From the persepective of the company, the target variable would be the amounts_purchased. Let's see if we can visualize how the other variables compare to it. 

In [17]:
from sklearn.ensemble import RandomForestClassifier
from sklearn import preprocessing

#We'll first normalize our training data, create a random forest object and finally fit it with a random forest classifier
#trainNormX= preprocessing.normalize(train.ix[:, train.columns != 'amount_purchased'])
trainNormX= train.drop('customer_id',1)

trainY= trainNormX['amount_purchased']

#print type(trainNormX), type(trainY)
forestModel= RandomForestClassifier(n_estimators= 100, random_state= 42)#Include all four features
forestModel.fit(trainNormX.ix[:, trainNormX.columns != 'amount_purchased'], trainY)

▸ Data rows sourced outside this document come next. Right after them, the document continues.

lemma compatible_image:
  "p \<in> P \<Longrightarrow> q \<in> P \<Longrightarrow> compatible (g ` P) le' (g p) (g q) \<longleftrightarrow> compatible P le p q"
  unfolding compatible_def by (simp add: order_embedding_onD)

lemma directed_in_image: "A \<subseteq> P \<Longrightarrow> directed_in le A \<Longrightarrow> directed_in le' (g ` A)"
  unfolding directed_in_def by (simp add: subset_iff order_embedding_onD)

lemma sigma_centered_image: "sigma_centered P le \<Longrightarrow> sigma_centered (g ` P) le'"
proof -
  assume "sigma_centered P le"
  then obtain A :: "nat \<Rightarrow> _" where A: "P = (\<Union>n. A n)" "\<And>n. directed_in le (A n)"
    unfolding sigma_centered_def by blast
  then have "directed_in le' (g ` A n)" for n
    by (intro directed_in_image) auto
  moreover have "g ` P = (\<Union>n. g ` A n)"
    using A(1) by (simp add: image_UN)
  ultimately show ?thesis
    unfolding sigma_centered_def by blast
qed

lemma splitting_everywhere_image:
  "splitting_everywhere P le \<Longrightarrow> splitting_everywhere (g ` P) le'"
  unfolding splitting_everywhere_def by (simp add: order_embedding_onD compatible_image)

lemma real_name_pullback: "real_name (g ` P) le' F \<Longrightarrow> real_name P le (\<lambda>p. F (g p))"
  unfolding real_name_def by (simp add: order_embedding_onD)

lemma forces_in_open_pullback:
  "forces_in_open (g ` P) le' F D \<Longrightarrow> forces_in_open P le (\<lambda>p. F (g p)) D"
  unfolding forces_in_open_def by (simp add: order_embedding_onD)

lemma adds_cohen_real_image: "adds_cohen_real (g ` P) le' \<Longrightarrow> adds_cohen_real P le"
  unfolding adds_cohen_real_def using real_name_pullback forces_in_open_pullback by blast

end

theorem theorem3:
  assumes "\<exists>U. ultrafilter_on_nat U \<and> nonprincipal U \<and> nowhere_dense_filter U"
  shows "\<exists>(P :: nat set set set) le.
           forcing_notion P le \<and> sigma_centered P le \<and>
           splitting_everywhere P le \<and> \<not> adds_cohen_real P le"
proof -
  obtain U where U: "ultrafilter_on_nat U" "nonprincipal U" "nowhere_dense_filter U"
    using assms by blast
  interpret nat_ultrafilter U
    using U(1) by unfold_locales
  \<comment> \<open>nodes are coded as singletons to reach the type of the statement\<close>
  define g :: "nat list set \<Rightarrow> nat set set" where "g X = (\<lambda>s. {list_encode s}) ` X" for X
  have "inj (\<lambda>s. {list_encode s})"
    by (simp add: inj_def list_encode_eq)
  then have g: "order_embedding_on (U_forcing U) (\<supseteq>) (\<supseteq>) g"
    unfolding order_embedding_on_def g_def by (simp add: inj_image_subset_iff)
  have "forcing_notion (g ` U_forcing U) (\<supseteq>)"
    using g forcing_notion_U_forcing by (rule forcing_notion_image)
  moreover have "sigma_centered (g ` U_forcing U) (\<supseteq>)"
    using g sigma_centered_U_forcing by (rule sigma_centered_image)
  moreover have "splitting_everywhere (g ` U_forcing U) (\<supseteq>)"
    using g splitting_everywhere_U_forcing[OF U(2)] by (rule splitting_everywhere_image)
  moreover have "\<not> adds_cohen_real (g ` U_forcing U) (\<supseteq>)"
    using adds_cohen_real_image[OF g] not_adds_cohen_real_U_forcing[OF U(3)] by blast
  ultimately show ?thesis
    by blast
qed
text \<open>A rotation equals its cofactor matrix: each certificate below writes an entry of
  \<open>R - cof R\<close> as a combination of the relations \<open>R\<^sup>T R = I\<close> and \<open>det R = 1\<close>.\<close>

lemma so3_entries_cofactors:
  assumes "so3_entries a b c d e f g h k"
  shows "a = e*k - f*h" "b = f*g - d*k" "c = d*h - e*g"
        "d = h*c - k*b" "e = k*a - g*c" "f = g*b - h*a"
        "g = b*f - c*e" "h = c*d - a*f" "k = a*e - b*d"
proof -
  let ?det = "a*e*k - a*f*h - b*d*k + b*f*g + c*d*h - c*e*g - 1"
  have "a - (e*k - f*h) = (a*a+d*d+g*g - 1)*(e*k - f*h) + (a*b+d*e+g*h)*(f*g - d*k) + (a*c+d*f+g*k)*(d*h - e*g) - a*?det"
       "b - (f*g - d*k) = (a*b+d*e+g*h)*(e*k - f*h) + (b*b+e*e+h*h - 1)*(f*g - d*k) + (b*c+e*f+h*k)*(d*h - e*g) - b*?det"
       "c - (d*h - e*g) = (a*c+d*f+g*k)*(e*k - f*h) + (b*c+e*f+h*k)*(f*g - d*k) + (c*c+f*f+k*k - 1)*(d*h - e*g) - c*?det"
       "d - (h*c - k*b) = (a*a+d*d+g*g - 1)*(h*c - k*b) + (a*b+d*e+g*h)*(k*a - g*c) + (a*c+d*f+g*k)*(g*b - h*a) - d*?det"
       "e - (k*a - g*c) = (a*b+d*e+g*h)*(h*c - k*b) + (b*b+e*e+h*h - 1)*(k*a - g*c) + (b*c+e*f+h*k)*(g*b - h*a) - e*?det"
       "f - (g*b - h*a) = (a*c+d*f+g*k)*(h*c - k*b) + (b*c+e*f+h*k)*(k*a - g*c) + (c*c+f*f+k*k - 1)*(g*b - h*a) - f*?det"
       "g - (b*f - c*e) = (a*a+d*d+g*g - 1)*(b*f - c*e) + (a*b+d*e+g*h)*(c*d - a*f) + (a*c+d*f+g*k)*(a*e - b*d) - g*?det"
       "h - (c*d - a*f) = (a*b+d*e+g*h)*(b*f - c*e) + (b*b+e*e+h*h - 1)*(c*d - a*f) + (b*c+e*f+h*k)*(a*e - b*d) - h*?det"
       "k - (a*e - b*d) = (a*c+d*f+g*k)*(b*f - c*e) + (b*c+e*f+h*k)*(c*d - a*f) + (c*c+f*f+k*k - 1)*(a*e - b*d) - k*?det"
    by (simp_all add: algebra_simps)
  with assms show "a = e*k - f*h" "b = f*g - d*k" "c = d*h - e*g"
        "d = h*c - k*b" "e = k*a - g*c" "f = g*b - h*a"
        "g = b*f - c*e" "h = c*d - a*f" "k = a*e - b*d"
    unfolding so3_entries_def by simp_all
qed

subsection \<open>Unit quaternions parametrise \<open>SO(3)\<close>\<close>

definition quat_rot :: "real \<Rightarrow> real \<Rightarrow> real \<Rightarrow> real \<Rightarrow> real^3^3" where
  "quat_rot w x y z = vector [vector [w^2+x^2-y^2-z^2, 2*(x*y-w*z), 2*(x*z+w*y)],
                              vector [2*(x*y+w*z), w^2-x^2+y^2-z^2, 2*(y*z-w*x)],
                              vector [2*(x*z-w*y), 2*(y*z+w*x), w^2-x^2-y^2+z^2]]"

definition is_quat_of :: "real \<Rightarrow> real \<Rightarrow> real \<Rightarrow> real \<Rightarrow> real \<Rightarrow> real \<Rightarrow> real \<Rightarrow> real \<Rightarrow> real \<Rightarrow>
    real \<Rightarrow> real \<Rightarrow> real \<Rightarrow> real \<Rightarrow> bool" where
  "is_quat_of a b c d e f g h k w x y z \<longleftrightarrow> w^2+x^2+y^2+z^2 = 1 \<and>
     a = w^2+x^2-y^2-z^2 \<and> b = 2*(x*y-w*z) \<and> c = 2*(x*z+w*y) \<and>
     d = 2*(x*y+w*z) \<and> e = w^2-x^2+y^2-z^2 \<and> f = 2*(y*z-w*x) \<and>
     g = 2*(x*z-w*y) \<and> h = 2*(y*z+w*x) \<and> k = w^2-x^2-y^2+z^2"

lemma quat_rot_nth:
  "quat_rot w x y z $1$1 = w^2+x^2-y^2-z^2" "quat_rot w x y z $1$2 = 2*(x*y-w*z)"
  "quat_rot w x y z $1$3 = 2*(x*z+w*y)" "quat_rot w x y z $2$1 = 2*(x*y+w*z)"
  "quat_rot w x y z $2$2 = w^2-x^2+y^2-z^2" "quat_rot w x y z $2$3 = 2*(y*z-w*x)"
  "quat_rot w x y z $3$1 = 2*(x*z-w*y)" "quat_rot w x y z $3$2 = 2*(y*z+w*x)"
  "quat_rot w x y z $3$3 = w^2-x^2-y^2+z^2"
  by (simp_all add: quat_rot_def)

lemma quat_rot_SO3:
  assumes "w^2 + x^2 + y^2 + z^2 = 1"
  shows "quat_rot w x y z \<in> SO3"
  unfolding SO3_iff_so3_entries quat_rot_nth so3_entries_def using assms by algebra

ValueError: Unknown label type: array([[  8.61156000e+02],
       [  2.31200000e+00],
       [  9.37066000e+02],
       ..., 
       [  4.41574800e+03],
       [  2.77280000e+01],
       [  1.05267300e+03]])

Don't understand error (I've been able to do this before just fine). You can see that it's having trouble cause the elements inside are arrays, not values.  Tried converting trainY to np.array but I get the same error. Changing the dimensions also gives the same problems. Wasted too much time troubleshooting this, next item on list of priorities.